RECORDS FOR THIS TASK:
┌──

lemma monomial_eval_subst3: "monomial_eval const3 (\<lambda>(a, b, c). f ^ a * g ^ b * h ^ c)"
  by unfold_locales
    (auto simp: const3_add const3_mult zero_prod_def power_add split: prod.splits)

lemma subst3_eq_eval:
  "subst3 p (f, g, h) = monomial_eval.eval const3 (\<lambda>(a, b, c). f ^ a * g ^ b * h ^ c) p"
  unfolding subst3_def monomial_eval.eval_def[OF monomial_eval_subst3]
  by (auto intro!: sum.cong simp: mult.assoc)

lemma subst3_add: "subst3 (p + q) F = subst3 p F + subst3 q F"
  and subst3_mult: "subst3 (p * q) F = subst3 p F * subst3 q F"
  and subst3_pow: "subst3 (p ^ n) F = subst3 p F ^ n"
  and subst3_sum: "subst3 (sum u A) F = (\<Sum>x\<in>A. subst3 (u x) F)"
  and subst3_zero: "subst3 0 F = 0"
  by (cases F; simp add: subst3_eq_eval monomial_eval.eval_add[OF monomial_eval_subst3]
      monomial_eval.eval_mult[OF monomial_eval_subst3] monomial_eval.eval_pow[OF monomial_eval_subst3]
      monomial_eval.eval_sum[OF monomial_eval_subst3] monomial_eval.eval_zero[OF monomial_eval_subst3])+

lemma subst3_single:
  "subst3 (Poly_Mapping.single (a, b, c) z) (f, g, h) = const3 z * f ^ a * g ^ b * h ^ c"
  unfolding subst3_eq_eval monomial_eval.eval_single[OF monomial_eval_subst3]
  by (simp add: mult.assoc)

lemma subst3_const3: "subst3 (const3 z) F = const3 z"
  by (cases F) (simp add: const3_def subst3_single)

lemma subst3_varU: "subst3 varU (f, g, h) = f"
  and subst3_varV: "subst3 varV (f, g, h) = g"
  and subst3_varW: "subst3 varW (f, g, h) = h"
  by (simp_all add: varU_def varV_def varW_def subst3_single)

lemma subst3_subst3:
  "subst3 (subst3 p (f, g, h)) F = subst3 p (subst3 f F, subst3 g F, subst3 h F)"
  by (simp add: subst3_def[of p] subst3_sum subst3_mult subst3_pow subst3_const3 split_def)

subsection \<open>Unique factorisation\<close>

text \<open>
  Nesting the variables as \<open>((\<complex>[U])[W])[V]\<close> identifies \<open>mpoly3\<close> with a ring the library
  knows to be factorial; gcds and units are transported back along this isomorphism.
\<close>

type_synonym cpoly3 = "complex poly poly poly"

definition nested_poly :: "mpoly3 \<Rightarrow> cpoly3" where
  "nested_poly = monomial_eval.eval (\<lambda>z. [:[:[:z:]:]:]) (\<lambda>(a, b, c). monom (monom (monom 1 a) c) b)"

lemma monomial_eval_nested_poly:
  "monomial_eval (\<lambda>z. [:[:[:z:]:]:] :: cpoly3) (\<lambda>(a, b, c). monom (monom (monom 1 a) c) b)"
  by unfold_locales (auto simp: mult_monom zero_prod_def one_pCons monom_0 split: prod.splits)

lemma nested_poly_add: "nested_poly (p + q) = nested_poly p + nested_poly q"
  and nested_poly_mult: "nested_poly (p * q) = nested_poly p * nested_poly q"
  and nested_poly_pow: "nested_poly (p ^ n) = nested_poly p ^ n"
  and nested_poly_sum: "nested_poly (sum u A) = (\<Sum>x\<in>A. nested_poly (u x))"
  and nested_poly_zero [simp]: "nested_poly 0 = 0"
  and nested_poly_one [simp]: "nested_poly 1 = 1"
  unfolding nested_poly_def
  by (simp_all add: monomial_eval.eval_add[OF monomial_eval_nested_poly]
      monomial_eval.eval_mult[OF monomial_eval_nested_poly]
      monomial_eval.eval_pow[OF monomial_eval_nested_poly]
      monomial_eval.eval_sum[OF monomial_eval_nested_poly]
      monomial_eval.eval_one[OF monomial_eval_nested_poly]
      monomial_eval.eval_zero[OF monomial_eval_nested_poly])

lemma nested_poly_single:
  "nested_poly (Poly_Mapping.single (a, b, c) z) = monom (monom (monom z a) c) b"
  unfolding nested_poly_def monomial_eval.eval_single[OF monomial_eval_nested_poly]
  by (simp add: smult_monom)

lemma nested_poly_const3: "nested_poly (const3 z) = [:[:[:z:]:]:]"
  by (simp add: const3_def nested_poly_single monom_0)

lemma nested_poly_varU: "nested_poly varU = [:[:[:0, 1:]:]:]"
  and nested_poly_varV: "nested_poly varV = [:0, 1:]"
  and nested_poly_varW: "nested_poly varW = [:[:0, 1:]:]"
  by (simp_all add: varU_def varV_def varW_def nested_poly_single monom_Suc monom_0 one_pCons)

lemma coeff_nested_poly:
  "coeff (coeff (coeff (nested_poly p) b) c) a = Poly_Mapping.lookup p (a, b, c)"
proof -
  have "coeff (coeff (coeff (nested_poly p) b) c) a =
        (\<Sum>k\<in>Poly_Mapping.keys p. if k = (a, b, c) then Poly_Mapping.lookup p k else 0)"
    by (subst poly_mapping_sum_single)
      (auto simp: nested_poly_sum nested_poly_single coeff_sum coeff_monom prod_eq_iff
        intro!: sum.cong)
  then show ?thesis
    by (simp add: sum.delta in_keys_iff)
qed

lemma nested_poly_inject: "nested_poly p = nested_poly q \<longleftrightarrow> p = q"
  by (metis coeff_nested_poly poly_mapping_eqI prod_cases3)

lemma nested_poly_eq_0_iff [simp]: "nested_poly p = 0 \<longleftrightarrow> p = 0"
  using nested_poly_inject[of p 0] by simp

lemma poly_subring_eq_UNIV:
  fixes S :: "'a::comm_ring_1 poly set"
  assumes "\<And>c. [:c:] \<in> S" and "[:0, 1:] \<in> S"
    and "\<And>x y. x \<in> S \<Longrightarrow> y \<in> S \<Longrightarrow> x + y \<in> S"
    and "\<And>x y. x \<in> S \<Longrightarrow> y \<in> S \<Longrightarrow> x * y \<in> S"
  shows "P \<in> S"
proof (induction P)
  case (pCons c P)
  have "pCons c P = [:c:] + [:0, 1:] * P"
    by simp
  then show ?case
    using assms pCons by metis
qed (use assms(1)[of 0] in simp)

lemma surj_nested_poly: "surj nested_poly"
proof -
  have add: "x + y \<in> range nested_poly" and mult: "x * y \<in> range nested_poly"
    if "x \<in> range nested_poly" "y \<in> range nested_poly" for x y
    using that by (auto simp flip: nested_poly_add nested_poly_mult)
  have const_add: "[:x + y:] = [:x:] + [:y:]" and const_mult: "[:x * y:] = [:x:] * [:y:]"
    for x y :: "'a::comm_ring_1 poly"
    by simp_all
  have inner: "[:[:q:]:] \<in> range nested_poly" for q
  proof (rule poly_subring_eq_UNIV[where S = "{q. [:[:q:]:] \<in> range nested_poly}", simplified])
    show "[:[:[:c:]:]:] \<in> range nested_poly" for c
      by (metis nested_poly_const3 rangeI)
    show "[:[:[:0, 1:]:]:] \<in> range nested_poly"
      by (metis nested_poly_varU rangeI)
  qed (simp_all only: const_add const_mult add mult)
  have middle: "[:r:] \<in> range nested_poly" for r
  proof (rule poly_subring_eq_UNIV[where S = "{r. [:r:] \<in> range nested_poly}", simplified])
    show "[:[:0, 1:]:] \<in> range nested_poly"
      by (metis nested_poly_varW rangeI)
  qed (simp_all only: inner const_add const_mult add mult)
  have "P \<in> range nested_poly" for P
  proof (rule poly_subring_eq_UNIV)
    show "[:0, 1:] \<in> range nested_poly"
      by (metis nested_poly_varV rangeI)
  qed (simp_all only: middle add mult)
  then show ?thesis
    by blast
qed

lemma mpoly3_mult_eq_0_iff: "p * q = 0 \<longleftrightarrow> p = 0 \<or> (q::mpoly3) = 0"
  by (simp flip: nested_poly_eq_0_iff add: nested_poly_mult)

lemma mpoly3_mult_left_cancel:
  assumes "(a::mpoly3) \<noteq> 0" "a * b = a * c"
  shows "b = c"
proof -
  have "nested_poly a * nested_poly b = nested_poly a * nested_poly c"
    using assms(2) by (simp flip: nested_poly_mult)
  with assms(1) show ?thesis
    by (simp add: nested_poly_inject)
qed

lemma mpoly3_pow_ne_zero: "(f::mpoly3) \<noteq> 0 \<Longrightarrow> f ^ n \<noteq> 0"
  by (simp flip: nested_poly_eq_0_iff add: nested_poly_pow)

lemma nested_poly_dvd_iff: "nested_poly p dvd nested_poly q \<longleftrightarrow> p dvd q"
proof
  assume "nested_poly p dvd nested_poly q"
  then obtain R where "nested_poly q = nested_poly p * R"
    by (rule dvdE)
  moreover obtain r where "R = nested_poly r"
    using surj_nested_poly by (metis surjD)
  ultimately have "q = p * r"
    by (simp flip: nested_poly_mult add: nested_poly_inject)
  then show "p dvd q" ..
next
  assume "p dvd q"
  then obtain r where "q = p * r" ..
  then show "nested_poly p dvd nested_poly q"
    by (simp add: nested_poly_mult)
qed
(* Under the standing assumptions, suppose $a>1/4$ and $m\ge 6$, and let $\theta_a=\cos^{-1}\!\left(-\frac{1}{2\sqrt a}\right)$. For an integer $h$ with $\lfloor (m+1)/2\rfloor+1\le h\le m+1$ let $$J_h=\begin{cases}\left(\frac{h-1}{m+1}\pi,\frac{h}{m+1}\pi\right) & \text{if } \lfloor (m+1)/2\rfloor+2\le h\le m+1,\\[2pt] \left(\frac{\pi}{2},\frac{h}{m+1}\pi\right) & \text{if } h=\lfloor (m+1)/2\rfloor+1.\end{cases}$$ If $\theta_a\in J_h$, then $g_m$ has at least two zeros in $J_h\setminus\{\theta_a\}$ when $\lfloor (m+1)/2\rfloor+2\le h\le m$, and at least one zero in $J_h\setminus\{\theta_a\}$ when $h=m+1$ or $h=\lfloor(m+1)/2\rfloor+1$.
   Context: Standing assumptions: $a,b\in\mathbb{R}$ with $b>0$, $1+a+b>0$, $9-27a+b>0$, $2-8a+8a^2+ab\ne0$, $b+1-a\ne0$. Let $f^*(\zeta,\theta)=(\zeta+2\cos\theta)(2\zeta\cos\theta+1)+b\zeta-a(\zeta+2\cos\theta)^3$. Under these assumptions, for each $\theta\in(\pi/2,\pi)$ the polynomial $f^*(\cdot,\theta)$ has exactly one real zero in $(-1,1)$; denote it $w(\theta)$ and set $\zeta(\theta)=1/w(\theta)$ (finite except at $\theta_a$). For $\theta\in(\pi/2,\pi)$ with $w(\theta)\ne0$ define $$g_m(\theta)=\frac{(\zeta(\theta)-\cos\theta)\sin((m+1)\theta)}{\sin\theta}-\cos((m+1)\theta)+\frac{1}{\zeta(\theta)^{m+1}}.$$ *)

theory Defs
  imports Complex_Main
begin

definition fstar :: "real \<Rightarrow> real \<Rightarrow> real \<Rightarrow> real \<Rightarrow> real" where
  "fstar a b z t = (z + 2 * cos t) * (2 * z * cos t + 1) + b * z - a * (z + 2 * cos t) ^ 3"

definition wz :: "real \<Rightarrow> real \<Rightarrow> real \<Rightarrow> real" where
  "wz a b t = (THE z. -1 < z \<and> z < 1 \<and> fstar a b z t = 0)"

definition zeta :: "real \<Rightarrow> real \<Rightarrow> real \<Rightarrow> real" where
  "zeta a b t = 1 / wz a b t"

definition gm :: "real \<Rightarrow> real \<Rightarrow> nat \<Rightarrow> real \<Rightarrow> real" where
  "gm a b m t = (zeta a b t - cos t) * sin ((real m + 1) * t) / sin t
      - cos ((real m + 1) * t) + 1 / (zeta a b t) ^ (m + 1)"

definition theta_a :: "real \<Rightarrow> real" where
  "theta_a a = arccos (- 1 / (2 * sqrt a))"

definition Jh :: "nat \<Rightarrow> nat \<Rightarrow> real set" where
  "Jh m h = (if h = (m + 1) div 2 + 1
             then {pi / 2 <..< real h / (real m + 1) * pi}
             else {(real h - 1) / (real m + 1) * pi <..< real h / (real m + 1) * pi})"

end

theory Submission
  imports Defs
begin
text \<open>
  Two center directions \<open>E\<^sub>1, E\<^sub>2\<close> at \<open>p\<close> come from splittings along orbits that may
  differ in the past, but both are moved by the same forward derivatives \<open>Df\<^sup>n\<^sub>p\<close>.
  Decompose \<open>v \<in> E\<^sub>2\<close> along the first splitting as \<open>v = s + c + u\<close>. The iterates of \<open>v\<close>, \<open>s\<close>
  and \<open>c\<close> grow at most like \<open>\<gamma>\<^sub>2\<^sup>n\<close>, so \<open>u = 0\<close>; and \<open>c \<noteq> 0\<close> for \<open>v \<noteq> 0\<close>, because a stable
  vector cannot grow like \<open>\<gamma>\<^sub>1\<^sup>n\<close>. As \<open>E\<^sub>2\<close> is finite-dimensional, \<open>|s| \<le> B |c|\<close>, hence
  \<open>|Df\<^sup>n v - Df\<^sup>n c| = |Df\<^sup>n s| \<le> C\<^sup>2 B (\<nu>/\<gamma>\<^sub>1)\<^sup>n |Df\<^sup>n c|\<close>: every vector of \<open>Df\<^sup>n E\<^sub>2\<close> lies
  within relative distance \<open>O((\<nu>/\<gamma>\<^sub>1)\<^sup>n)\<close> of a vector of \<open>Df\<^sup>n E\<^sub>1\<close>, uniformly, and the angle
  tends to \<open>0\<close>. For unstable directions \<open>s + c\<close> plays the role of \<open>s\<close> and \<open>u\<close> that of \<open>c\<close>,
  at the rate \<open>\<gamma>\<^sub>2/\<mu>\<close>.
\<close>

section \<open>Inner products on a subspace\<close>

lemma gnorm_scaleR:
  assumes "bilinear (g q)"
  shows "gnorm g q (c *\<^sub>R v) = \<bar>c\<bar> * gnorm g q v"
proof -
  have "g q (c *\<^sub>R v) (c *\<^sub>R v) = c\<^sup>2 * g q v v"
    using assms by (simp add: bilinear_lmul bilinear_rmul power2_eq_square)
  then show ?thesis by (simp add: gnorm_def real_sqrt_mult)
qed

lemma gnorm_le_norm:
  fixes g :: "'a::euclidean_space \<Rightarrow> 'a \<Rightarrow> 'a \<Rightarrow> real"
  assumes "bilinear (g q)"
  obtains K where "K \<ge> 0" "\<And>v. gnorm g q v \<le> K * norm v"
proof -
  obtain K where K: "K \<ge> 0" "\<And>u v. norm (g q u v) \<le> norm u * norm v * K"
    using assms bounded_bilinear.nonneg_bounded by (metis bilinear_conv_bounded_bilinear)
  have "gnorm g q v \<le> sqrt K * norm v" for v
  proof -
    have "(sqrt K * norm v)\<^sup>2 = norm v * norm v * K"
      using K(1) by (simp add: power_mult_distrib power2_eq_square)
    then have "g q v v \<le> (sqrt K * norm v)\<^sup>2"
      using K(2)[of v v] by simp
    then show ?thesis
      unfolding gnorm_def using K(1) by (simp add: real_le_lsqrt)
  qed
  then show thesis using K(1) by (intro that[of "sqrt K"]) auto
qed

locale inner_form =
  fixes g :: "'a::euclidean_space \<Rightarrow> 'a \<Rightarrow> 'a \<Rightarrow> real" and q :: 'a and T :: "'a set"
  assumes form_subspace: "subspace T"
    and form_bilinear: "bilinear (g q)"
    and form_sym: "g q u v = g q v u"
    and form_pos: "v \<in> T \<Longrightarrow> v \<noteq> 0 \<Longrightarrow> 0 < g q v v"
begin

lemma form_nonneg: "v \<in> T \<Longrightarrow> 0 \<le> g q v v"
  using form_pos form_bilinear by (cases "v = 0") (auto simp: bilinear_lzero less_imp_le)

lemma gnorm_nonneg: "v \<in> T \<Longrightarrow> 0 \<le> gnorm g q v"
  using form_nonneg by (simp add: gnorm_def)

lemma gnorm_square: "v \<in> T \<Longrightarrow> (gnorm g q v)\<^sup>2 = g q v v"
  using form_nonneg by (simp add: gnorm_def)

lemma gnorm_eq_0_iff: "v \<in> T \<Longrightarrow> gnorm g q v = 0 \<longleftrightarrow> v = 0"
  using form_pos[of v] form_bilinear unfolding gnorm_def by (cases "v = 0") (auto simp: bilinear_lzero)

lemma gnorm_pos: "v \<in> T \<Longrightarrow> v \<noteq> 0 \<Longrightarrow> 0 < gnorm g q v"
  using gnorm_nonneg gnorm_eq_0_iff by fastforce

lemma form_expand:
  "g q (v + t *\<^sub>R w) (v + t *\<^sub>R w) = g q v v + 2 * t * g q v w + t\<^sup>2 * g q w w"
proof -
  have "g q (v + t *\<^sub>R w) (v + t *\<^sub>R w) = g q v v + t * g q v w + t * g q w v + t * t * g q w w"
    using form_bilinear by (simp add: bilinear_ladd bilinear_radd bilinear_lmul bilinear_rmul algebra_simps)
  then show ?thesis using form_sym[of w v] by (simp add: power2_eq_square algebra_simps)
qed

lemma form_cauchy_schwarz:
  assumes "v \<in> T" "w \<in> T"
  shows "\<bar>g q v w\<bar> \<le> gnorm g q v * gnorm g q w"
proof -
  have "(g q v w)\<^sup>2 \<le> g q v v * g q w w"
  proof (cases "w = 0")
    case True
    then show ?thesis using form_bilinear by (simp add: bilinear_rzero)
  next
    case False
    have pos: "0 < g q w w"
      using form_pos False assms(2) by blast
    define t where "t = - g q v w / g q w w"
    have "v + t *\<^sub>R w \<in> T"
      using assms form_subspace by (simp add: subspace_add subspace_scale)
    then have "0 \<le> g q (v + t *\<^sub>R w) (v + t *\<^sub>R w)"
      by (rule form_nonneg)
    also have "\<dots> = g q v v + 2 * t * g q v w + t\<^sup>2 * g q w w"
      by (rule form_expand)
    also have "\<dots> = g q v v - (g q v w)\<^sup>2 / g q w w"
      using pos by (simp add: t_def power2_eq_square field_simps)
    finally show ?thesis using pos by (simp add: divide_le_eq)
  qed
  then have "\<bar>g q v w\<bar>\<^sup>2 \<le> (gnorm g q v * gnorm g q w)\<^sup>2"
    using assms by (simp add: power_mult_distrib gnorm_square)
  then show ?thesis
    by (rule power2_le_imp_le) (use assms in \<open>simp add: gnorm_nonneg\<close>)
qed

lemma gnorm_triangle:
  assumes "v \<in> T" "w \<in> T"
  shows "gnorm g q (v + w) \<le> gnorm g q v + gnorm g q w"
proof -
  have "v + w \<in> T" using assms form_subspace by (simp add: subspace_add)
  then have "(gnorm g q (v + w))\<^sup>2 = g q v v + 2 * g q v w + g q w w"
    using form_expand[of v 1 w] by (simp add: gnorm_square)
  also have "\<dots> \<le> (gnorm g q v + gnorm g q w)\<^sup>2"
    using form_cauchy_schwarz[OF assms] assms by (simp add: power2_sum gnorm_square)
  finally show ?thesis
    by (rule power2_le_imp_le) (use assms in \<open>simp add: gnorm_nonneg\<close>)
qed

lemma gnorm_diff_le:
  assumes "v \<in> T" "w \<in> T"
  shows "gnorm g q (v - w) \<le> gnorm g q v + gnorm g q w"
  using gnorm_triangle[of v "- w"] gnorm_scaleR[where g=g and q=q, OF form_bilinear, of "-1" w]
    assms form_subspace
  by (simp add: subspace_neg)
lemma star_nonempty:
  assumes "x \<in> verts X"
  shows "star X x \<noteq> {}"
proof -
  obtain y where "(x, y) \<in> edges X"
    using assms bic unfolding bicoloured_def no_isolated_def nbhd_def by blast
  then have "{x, y} \<in> star X x"
    unfolding star_def using edge_setI by simp
  then show ?thesis by blast
qed

lemma edge_iff_stars_meet:
  assumes "x \<in> verts X" "x' \<in> verts X"
  shows "(x, x') \<in> edges X \<longleftrightarrow> x \<noteq> x' \<and> star X x \<inter> star X x' \<noteq> {}"
proof
  assume e: "(x, x') \<in> edges X"
  then have "{x, x'} \<in> star X x \<inter> star X x'"
    using edge_setI[OF e] unfolding star_def by simp
  with bicoloured_edge(4)[OF e] show "x \<noteq> x' \<and> star X x \<inter> star X x' \<noteq> {}"
    by blast
next
  assume "x \<noteq> x' \<and> star X x \<inter> star X x' \<noteq> {}"
  then obtain a where "a \<in> edge_sets X" "x \<in> a" "x' \<in> a" "x \<noteq> x'"
    unfolding star_def by blast
  then show "(x, x') \<in> edges X"
    using edge_set_eq edge_set_edge by metis
qed

text \<open>Triangle-freeness in terms of edge sets: an edge set meeting two different edges through
  a common vertex \<open>x\<close> must itself pass through \<open>x\<close>.\<close>

lemma edge_set_through_common_vertex:
  assumes a: "a \<in> edge_sets X" and b: "b \<in> edge_sets X" and e: "e \<in> edge_sets X"
    and "a \<noteq> b" "x \<in> a" "x \<in> b" "e \<inter> a \<noteq> {}" "e \<inter> b \<noteq> {}"
  shows "x \<in> e"
proof (rule ccontr)
  assume "x \<notin> e"
  obtain q where q: "a = {x, q}" "(x, q) \<in> edges X"
    using edge_set_at[OF a \<open>x \<in> a\<close>] by blast
  obtain s where s: "b = {x, s}" "(x, s) \<in> edges X"
    using edge_set_at[OF b \<open>x \<in> b\<close>] by blast
  have "q \<in> e" "s \<in> e" "q \<noteq> s"
    using assms \<open>x \<notin> e\<close> q s by auto
  then have "(q, s) \<in> edges X"
    using edge_set_eq[OF e] edge_set_edge e by metis
  with q s show False
    using bicoloured_no_triangle bicoloured_edge_sym by blast
qed

subsection \<open>Stars are recognisable from the intersection pattern of edges\<close>

lemma star_meeting: "meeting (edge_sets X) (star X x)"
  unfolding meeting_def star_def by blast

text \<open>A nontrivial star is a maximal meeting family of edges, and by triangle-freeness every
  nontrivial maximal meeting family of edges is a star.\<close>

lemma star_maximal_meeting:
  assumes "nontrivial (star X x)"
  shows "maximal_meeting (edge_sets X) (star X x)"
proof -
  obtain a b where ab: "a \<in> star X x" "b \<in> star X x" "a \<noteq> b"
    using assms unfolding nontrivial_def by blast
  have "K \<subseteq> star X x" if "meeting (edge_sets X) K" "star X x \<subseteq> K" for K
  proof
    fix e assume "e \<in> K"
    with that ab have "e \<in> edge_sets X" "e \<inter> a \<noteq> {}" "e \<inter> b \<noteq> {}"
      unfolding meeting_def by auto
    with ab show "e \<in> star X x"
      using edge_set_through_common_vertex[of a b e x] unfolding star_def by auto
  qed
  then show ?thesis
    unfolding maximal_meeting_def using star_meeting by blast
qed

lemma maximal_meeting_is_star:
  assumes max: "maximal_meeting (edge_sets X) K" and "nontrivial K"
  shows "\<exists>x\<in>verts X. K = star X x"
proof -
  obtain a b where ab: "a \<in> K" "b \<in> K" "a \<noteq> b"
    using \<open>nontrivial K\<close> unfolding nontrivial_def by blast
  have K: "meeting (edge_sets X) K"
    using max unfolding maximal_meeting_def by blast
  then obtain x where x: "x \<in> a" "x \<in> b"
    using ab unfolding meeting_def by blast
  have "K \<subseteq> star X x"
  proof
    fix e assume "e \<in> K"
    with K ab have "e \<in> edge_sets X" "e \<inter> a \<noteq> {}" "e \<inter> b \<noteq> {}" "a \<in> edge_sets X" "b \<in> edge_sets X"
      unfolding meeting_def by auto
    with ab x show "e \<in> star X x"
      using edge_set_through_common_vertex[of a b e x] unfolding star_def by auto
  qed
  moreover have "\<forall>K'\<subseteq>edge_sets X. meeting (edge_sets X) K' \<and> K \<subseteq> K' \<longrightarrow> K' = K"
    using max unfolding maximal_meeting_def by blast
  ultimately have "K = star X x"
    using star_meeting[of x] star_subset[of X x] by blast
  moreover have "x \<in> verts X"
    using x ab K edge_set_at bicoloured_edge(1) unfolding meeting_def by blast
  ultimately show ?thesis by blast
qed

└──

EXERCISE BRIEF: Every line in the listing that holds the string "cong" should be copied out.

OUTPUT BELOW:
  by (auto intro!: sum.cong simp: mult.assoc)
        intro!: sum.cong)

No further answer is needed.